These 5 most recent stories from the technological space will keep you updated with current trends.
1. 3 tech startups from Nigeria guarantee VC funding
3 Nigerian startups guaranteed the investment of Ventures Platform, which is in its initial stage, to help them scale their solutions. The new injection of funds will see these startups, namely: Tambua Health, Brass and FunnelJoy, to expand their respective portfolios as they enter the market.
Meanwhile, Ventures Platform, as a venture capital firm, invests in early-stage startups that are building efficient capital platforms that democratize prosperity, fill infrastructure gaps, connect underrepresented communities, create efficiencies, solve the no consumption and improve livelihoods; new portfolio companies can leverage the VC financing network.
2. Alitheia IDF closes US $ 10 million to support women technology entrepreneurs
Alitheia IDF closed $ 10 million of American billionaire George Soros' Open Society Foundations to lend to women tech entrepreneurs. According to the media, Alitheia IDF is a joint venture fund between Alitheia Capital, a private equity investment in Nigeria, and IDF Capital in South Africa. VC will invest in companies operating in South and West Africa belonging to women or who focus on supporting women.
Open Society Foundations said that Alitheia IDF will invest between $ 1 million and $ 5 million, with potential for additional funding later, on small and medium-sized businesses that present an opportunity to promote gender equality. The fund is also supported by the African Development Bank, Industry Bank of Nigeria, FinDev Canada and the Dutch Good Growth Fund.
How many buttons did the first computer mouse have?
Answer: See end of post.
3. Zimbabwe startup presents WhatsApp-based digital wallet for payments
Bitkesh, a Zimbabwean startup, reportedly introduced a WhatsApp-based digital wallet to help non-bankers in South Africa make payments. Co-founded by Reginald Tsvetu and launched in 2017, the company uses cryptocurrency to help people send money back home, eliminating the need to visit an exchange office.
In an attempt to simplify its operations, the startup launched a new product, UhuruWallet, a WhatsApp-based digital wallet developed on the Stellar blockchain aimed at non-banking markets for foreigners in South Africa. After the beta was released, Tsvetu said that UhuruWallet had received more than 750 entries and was on its way to move ZAR1 million (US $ 53,000) in its first month.
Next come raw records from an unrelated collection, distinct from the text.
(* Let $p=2$ and assume $\mu^1,\dots,\mu^N$ are not all equal. Let $\tilde\nu=\sum_{i=1}^N\lambda_i\sum_{k=1}^{n_i}\mu^i_k\delta(m^i_k)$ be the output of the pairwise algorithm, where $$m^i_k=\sum_{j=1}^N\lambda_j\sum_{l=1}^{n_j}\frac{\pi^{ij}_{k,l}}{\mu^i_k}x^j_l.$$ Then for any optimal barycenter $\hat\nu$ (minimizer of $\Psi_2$), $$\frac{\Psi_2(\tilde\nu)}{\Psi_2(\hat\nu)}\le2-\frac{\sum_{i=1}^N\lambda_i\sum_{k=1}^{n_i}\mu^i_k\|m^i_k-x^i_k\|^2}{\sum_{1\le i<j\le N}\lambda_i\lambda_j\mathcal{W}_2^2(\mu^i,\mu^j)}.$$
   Context: $\|\cdot\|$ is the Euclidean norm on $\mathbb{R}^d$. For finitely supported probability measures $\mu,\nu$ on $\mathbb{R}^d$, $\mathcal{W}_2^2(\mu,\nu)\coloneqq\min_{\pi\in\Pi(\mu,\nu)}\int\|x-y\|^2\,d\pi$, with $\Pi(\mu,\nu)$ the set of couplings. Fix $N\ge2$, $\lambda\in\Delta_N\coloneqq\{\lambda\in(0,1)^N:\sum_i\lambda_i=1\}$, and discrete probability measures $\mu^i=\sum_{l=1}^{n_i}\mu^i_l\delta(x^i_l)$, $i=1,\dots,N$, with positive weights and pairwise distinct points for each $i$. $\Psi_2(\nu)\coloneqq\sum_{i=1}^N\lambda_i\mathcal{W}_2^2(\nu,\mu^i)$. Plans of the pairwise algorithm: $\pi^{ii}\coloneqq\sum_k\mu^i_k\delta(x^i_k,x^i_k)$ (so $\pi^{ii}_{k,l}=\mu^i_k$ if $l=k$, else $0$); for $i<j$, $\pi^{ij}=\sum_{k,l}\pi^{ij}_{k,l}\delta(x^i_k,x^j_l)\in\Pi(\mu^i,\mu^j)$ is an optimal plan for the cost $\|x-y\|^2$; and $\pi^{ji}_{l,k}\coloneqq\pi^{ij}_{k,l}$. *)

theory Defs
  imports "HOL-Analysis.Analysis"
begin

text \<open>Finitely supported (discrete) measures on a Euclidean space are represented
  by their mass functions 'a \<Rightarrow> real; support = points of nonzero mass.\<close>

definition supp_m :: "('b \<Rightarrow> real) \<Rightarrow> 'b set" where
  "supp_m f = {y. f y \<noteq> 0}"

definition fsprob :: "('a \<Rightarrow> real) \<Rightarrow> bool" where
  "fsprob \<nu> \<longleftrightarrow> finite (supp_m \<nu>) \<and> (\<forall>y. \<nu> y \<ge> 0) \<and> sum \<nu> (supp_m \<nu>) = 1"

definition coupling :: "('a \<Rightarrow> real) \<Rightarrow> ('a \<Rightarrow> real) \<Rightarrow> ('a \<times> 'a \<Rightarrow> real) \<Rightarrow> bool" where
  "coupling \<mu> \<nu> \<pi> \<longleftrightarrow> (\<forall>p. \<pi> p \<ge> 0) \<and> finite (supp_m \<pi>)
     \<and> (\<forall>x y. \<pi> (x, y) \<noteq> 0 \<longrightarrow> \<mu> x \<noteq> 0 \<and> \<nu> y \<noteq> 0)
     \<and> (\<forall>x. (\<Sum>y\<in>supp_m \<nu>. \<pi> (x, y)) = \<mu> x)
     \<and> (\<forall>y. (\<Sum>x\<in>supp_m \<mu>. \<pi> (x, y)) = \<nu> y)"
4. Somali accelerator program opens $ 30,000 applications for startups
Innovate Ventures announced its invitation to early-stage technology startups in the Somalia region to apply for its acceleration program, which offers up to $ 30,000 in equity investments. The media reported that Somalia's main startup accelerator and technology fund, Innovate Ventures, has partnered with VC4A, Telesom and Oxfam as part of Work in Progress! project to run the Innovate Accelerator.
Since its inception a few years ago, the program has formed more than 50 startups and has invested nearly $ 100,000 in graduates. This new edition will offer selected startups access to training, guidance from domain experts, access to an extensive business network, visibility and the chance to guarantee investments. According to the organizers, the 12-week program will be based in Hargeisa, the capital of Somaliland.
5. TSMC discloses plans to build a $ 12 billion plant in Arizona
The world's largest semiconductor contractor foundry, Taiwan Semiconductor Manufacturing Co., announced today, May 15, that it plans to build an advanced chip foundry in Arizona, with the support of the United States and the federal government. Previously, White House officials confirmed that they were in talks with TSMC and Intel to build foundries in the U.S., as part of their effort to reduce dependence on chip factories in Asia.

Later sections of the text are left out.